Satu demi satu karya Ahmad Zaki Mubarok bakal menemani para pembaca. Sukses menerbitkan buku pertamanya berjudul “Dakwah Millenial Via Media Sosial” pada Juli 2019. Kini pria yang akrab disapa Zaki Abivega telah menyiapkan buku keduanya, yang akan diterbitkan pada akhir 2020.
Kepada AULA, Gus Zaki pun membocorkan secuil isi dari bagian buku yang akan diterbitkannya. Dalam buku itu, ia akan fokus mengulas biografi 20 kiai asal Lasem, Rembang. Menurutnya banyak historis peran sesepuh di Lasem yang perlu diungkap dan dipublikasikan kepada khalayak.
“Kembali ke historis Lasem dulu, pertama Lasem itu daerah multi ras, pluralis, banyak suku dan kelompok tertentu tinggal di Lasem sudah sangat lama. Dari beberapa komunitas itu, mungkin komunitas pesantren jarang sekali diekspos. Maka, saya mencoba untuk mengangkat dari sisi komunitas pesantren yang nyatanya banyak tersebar, kurang lebih ada 20 pesantren di Lasem,” tutur Gus Zaki.
Padahal, lanjut Gus Zaki, banyak cerita menarik dalam dunia pesantren di Lasem. “Saya ingin mengangkat beliau (sesepuh, red) biar dikenang, Lasemnya juga dikenang. Banyak hal positif, agar generasi muda mengetahui cerita dan tradisi yang dibangun para sesepuh dulu,” tambah alumni Pondok Pesantren Tahfidzul Quran Al-Asya’ariyyah Kalibeber, Wonosobo ini.
Pengasuh Pesantren Al-Wahdah ini menjelaskan, dari 20 kiai itu hanya kiai sepuh yang dipilih. Yang dulu menjadi panutan warga Lasem, mempunyai andil dan peran dakwah baik di masyarakat maupun pesantren. Bahkan peran kebangsaan juga muncul dari tokoh Kiai Lasem.
Ia menyebut beberapa kiai itu di antaranya, Mbah Sambu atau Mbah Abdurrahman Basaiban, sesepuh yang menjadi panutan kiai dan tokoh nasional. Seperti KH Hasyim Asy’ari, KH Bisri Syansuri, KH Abdul Wahab Hasbullah, KH Ali Maksum dan KH Ahmad Sidik Jember.
Tidak hanya itu, ada Mbah Abdul Aziz, tokoh yang memiliki jalur khusus membentuk tokoh-tokoh nasional di nusantara.

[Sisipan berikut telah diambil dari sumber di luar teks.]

lemma semi_harmonic_on_Phi: "semi_harmonic_on usig Upq Phi"
  unfolding semi_harmonic_on_def
proof (intro exI ballI conjI)
  fix Q :: "('p::finite,'r::finite) qblock" assume "Q \<in> Upq"
  then have Q: "qinvertible (qdiff Q)"
    by (cases Q) (simp add: qdiff_def qinvertible_diff_if_Upq)
  show "(Phi has_derivative blinfun_apply (Blinfun (Phi_deriv Q))) (at Q)"
    by (simp add: bounded_linear_Blinfun_apply bounded_linear_Phi_deriv has_derivative_Phi[OF Q])
  show "((\<lambda>y. Blinfun (Phi_deriv y)) has_derivative (\<lambda>k. Blinfun (Phi_deriv2 Q k))) (at Q)"
    by (rule has_derivative_blinfun_componentwise)
      (simp add: bounded_linear_Blinfun_apply bounded_linear_Phi_deriv bounded_linear_Phi_deriv2
        has_derivative_Phi_deriv[OF Q])
  show "(\<Sum>b\<in>Basis. usig b *\<^sub>R blinfun_apply (Blinfun (Phi_deriv2 Q b)) b) = 0"
    by (simp add: bounded_linear_Blinfun_apply bounded_linear_Phi_deriv2 Phi_laplacian_eq_0)
qed

theorem lemma6p1:
  shows "(\<forall>Q\<in>(Upq :: ('p::finite,'r::finite) qblock set). \<forall>g::quat^'p^'p.
            qinvertible g \<longrightarrow> Phi (gact Q g) = Phi Q)
         \<and> semi_harmonic_on usig (Upq :: ('p,'r) qblock set) Phi"
  using Phi_gact semi_harmonic_on_Phi by blast

end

Lalu putra Mbah Abdul Aziz, Mbah Muhaimin yang menikah dengan Nyai Khoiriyah. Putri dari Kiai Hayim As’ari ini mendirikan madrasah perempuan pertama di Mekkah.
Ada juga saudaranya Mbah Abdul Aziz yaitu Mbah Baidlowi Bin Abdul Aziz, lalu keponakan Kiai Baidlowi yaitu Kiai Ma’sum yang mengambil ilmu di Mekkah, dan Kiai Cholil orang terdekat Mbah Hasyim yang mendirikan NU di Lasem, Rembang.
“Masing-masing kiai punya silsilah keilmuan, sanad dan nasabnya. Saya tidak ingin ada satu kiai yang ditonjolkan di buku kedua saya ini, karena beliau memiliki porsi yang sudah jelas. Seperti Mbah Abdul Aziz beliau sesepuh di Lasem. Terus Mbah Baidlowi, Mbah Maksum, Mbah Cholil Mansyuri, mereka adalah pendiri NU di Lasem,” terangnya.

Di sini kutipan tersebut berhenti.